[Stored data]
┌──

(* Let $(\mathbf{P},d_{\mathbf{P}})$ be a finite metric poset and let $M,N$ be $\mathbf{P}$-modules. Then \[ \mathrm{dist}_{\mathrm{B}}\bigl(P^M_\bullet,P^N_\bullet\bigr)\ \le\ d_{\mathrm{GT}}(M,N). \]
   Context: Fix a field $k$; $\mathrm{vect}$ denotes the category of finite-dimensional $k$-vector spaces. A finite poset $\mathbf{P}$ is regarded as a category with a unique morphism $x\to y$ iff $x\le y$. A $\mathbf{P}$-module is a functor $\mathbf{P}\to\mathrm{vect}$; $\mathrm{vect}^{\mathbf{P}}$ is the category of $\mathbf{P}$-modules. For a monotone map $g:\mathbf{P}\to\mathbf{Q}$, $g^*:\mathrm{vect}^{\mathbf{Q}}\to\mathrm{vect}^{\mathbf{P}}$ is precomposition $N\mapsto N\circ g$. A finite metric poset is a finite poset $\mathbf{P}$ with a metric $d_{\mathbf{P}}$ on its underlying set. Galois insertions and transport. A Galois connection $f:\mathbf{Q}\rightleftarrows\mathbf{P}:g$ consists of monotone maps $f:\mathbf{Q}\to\mathbf{P}$, $g:\mathbf{P}\to\mathbf{Q}$ with $f(u)\le x\iff u\le g(x)$ for all $u\in\mathbf{Q},x\in\mathbf{P}$; it is a Galois insertion if moreover $f\circ g=\mathrm{id}_{\mathbf{P}}$. For $M,N\in\mathrm{vect}^{\mathbf{P}}$, a Galois coupling $(\mathbf{Q},f\dashv g,h\dashv i,\Gamma)$ of $(M,N)$ consists of a finite poset $\mathbf{Q}$, two Galois insertions $f:\mathbf{Q}\rightleftarrows\mathbf{P}:g$ and $h:\mathbf{Q}\rightleftarrows\mathbf{P}:i$, and $\Gamma\in\mathrm{vect}^{\mathbf{Q}}$ with $g^*\Gamma\cong M$ and $i^*\Gamma\cong N$. Its cost is $\mathrm{cost}(\Gamma)=\sup_{q\in\mathbf{Q}}d_{\mathbf{P}}(f(q),h(q))$. The Galois transport distance $d_{\mathrm{GT}}(M,N)$ is the infimum of the costs of all Galois couplings of $(M,N)$, and $\infty$ if there is none. Projectives and resolutions. For $x\in\mathbf{P}$, $k[\mathbf{P}]_x$ is the $\mathbf{P}$-module with $k[\mathbf{P}]_x(y)=k$ if $x\le y$ and $0$ otherwise, all structure maps between nonzero spaces being $\mathrm{id}_k$; up to isomorphism these are exactly the indecomposable projective $\mathbf{P}$-modules and every projective $\mathbf{P}$-module is a finite direct sum of them. For $x,y\in\mathbf{P}$ with $y\le x$ let $\rho(x\ge y):k[\mathbf{P}]_x\to k[\mathbf{P}]_y$ be the morphism which is $\mathrm{id}_k$ at every $z\ge x$ (it spans the one-dimensional Hom space); set $\rho(x\ge y)=0$ if $y\not\le x$. If $E=\bigoplus_{x\in\mathrm{smd}(E)}k[\mathbf{P}]_x$ and $F=\bigoplus_{y\in\mathrm{smd}(F)}k[\mathbf{P}]_y$ are projectives given with such decompositions ($\mathrm{smd}(E)$ is the finite multiset/list of indices), every morphism $\alpha:E\to F$ is uniquely a matrix $[a_{x,y}\rho(x\ge y)]$ with $a_{x,y}\in k$ and $a_{x,y}=0$ unless $x\ge y$; $\mathrm{Mat}(\alpha):=[a_{x,y}]_{(x,y)\in\mathrm{smd}(E)\times\mathrm{smd}(F)}$. A projective resolution of $M$ is a complex $E_\bullet=(E_i,\partial^E_i:E_{i+1}\to E_i)_{i\ge0}$ of projective $\mathbf{P}$-modules with an augmentation $E_0\to M$ making $\cdots\to E_1\to E_0\to M\to0$ exact; each $E_i$ is considered with a fixed decomposition into indecomposable projectives, $|E_i|$ is the number of summands. $P^M_\bullet$ denotes a minimal projective resolution of $M$. $\mathsf{Res}(P^M_\bullet,P^N_\bullet)$ is the set of pairs $(E_\bullet,F_\bullet)$ where $E_\bullet$ is a projective resolution of $M$ and $F_\bullet$ one of $N$ with $|E_i|=|F_i|$ for all $i$. A matching of $(E_\bullet,F_\bullet)$ is a family $B=(B_i)_{i\ge0}$ of bijections $B_i:\mathrm{smd}(E_i)\to\mathrm{smd}(F_i)$ (of indexed multisets) such that for all $i\ge0$, $x\in\mathrm{smd}(E_i)$, $x'\in\mathrm{smd}(E_{i+1})$, the $(x',x)$-entry of $\mathrm{Mat}(\partial^E_i)$ equals the $(B_{i+1}(x'),B_i(x))$-entry of $\mathrm{Mat}(\partial^F_i)$. Its cost is $\mathrm{cost}(B)=\sup\{d_{\mathbf{P}}(x,B_i(x))\mid i\ge0,x\in\mathrm{smd}(E_i)\}$. $\mathrm{dist}_{\mathrm{R}}(E_\bullet,F_\bullet)$ is the infimum of costs over matchings ($\infty$ if none), and $\mathrm{dist}_{\mathrm{B}}(P^M_\bullet,P^N_\bullet):=\inf_{(E_\bullet,F_\bullet)\in\mathsf{Res}(P^M_\bullet,P^N_\bullet)}\mathrm{dist}_{\mathrm{R}}(E_\bullet,F_\bullet)$, which is $\infty$ if that set is empty. *)

theory Defs
  imports Complex_Main "HOL-Library.Extended_Real" "Jordan_Normal_Form.Matrix"
begin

└──

YOUR TASK: From the line with "theory Defs" through the last line of the records, set down every line exactly as written and leave out all others.

YOUR RESPONSE:
theory Defs
  imports Complex_Main "HOL-Library.Extended_Real" "Jordan_Normal_Form.Matrix"
begin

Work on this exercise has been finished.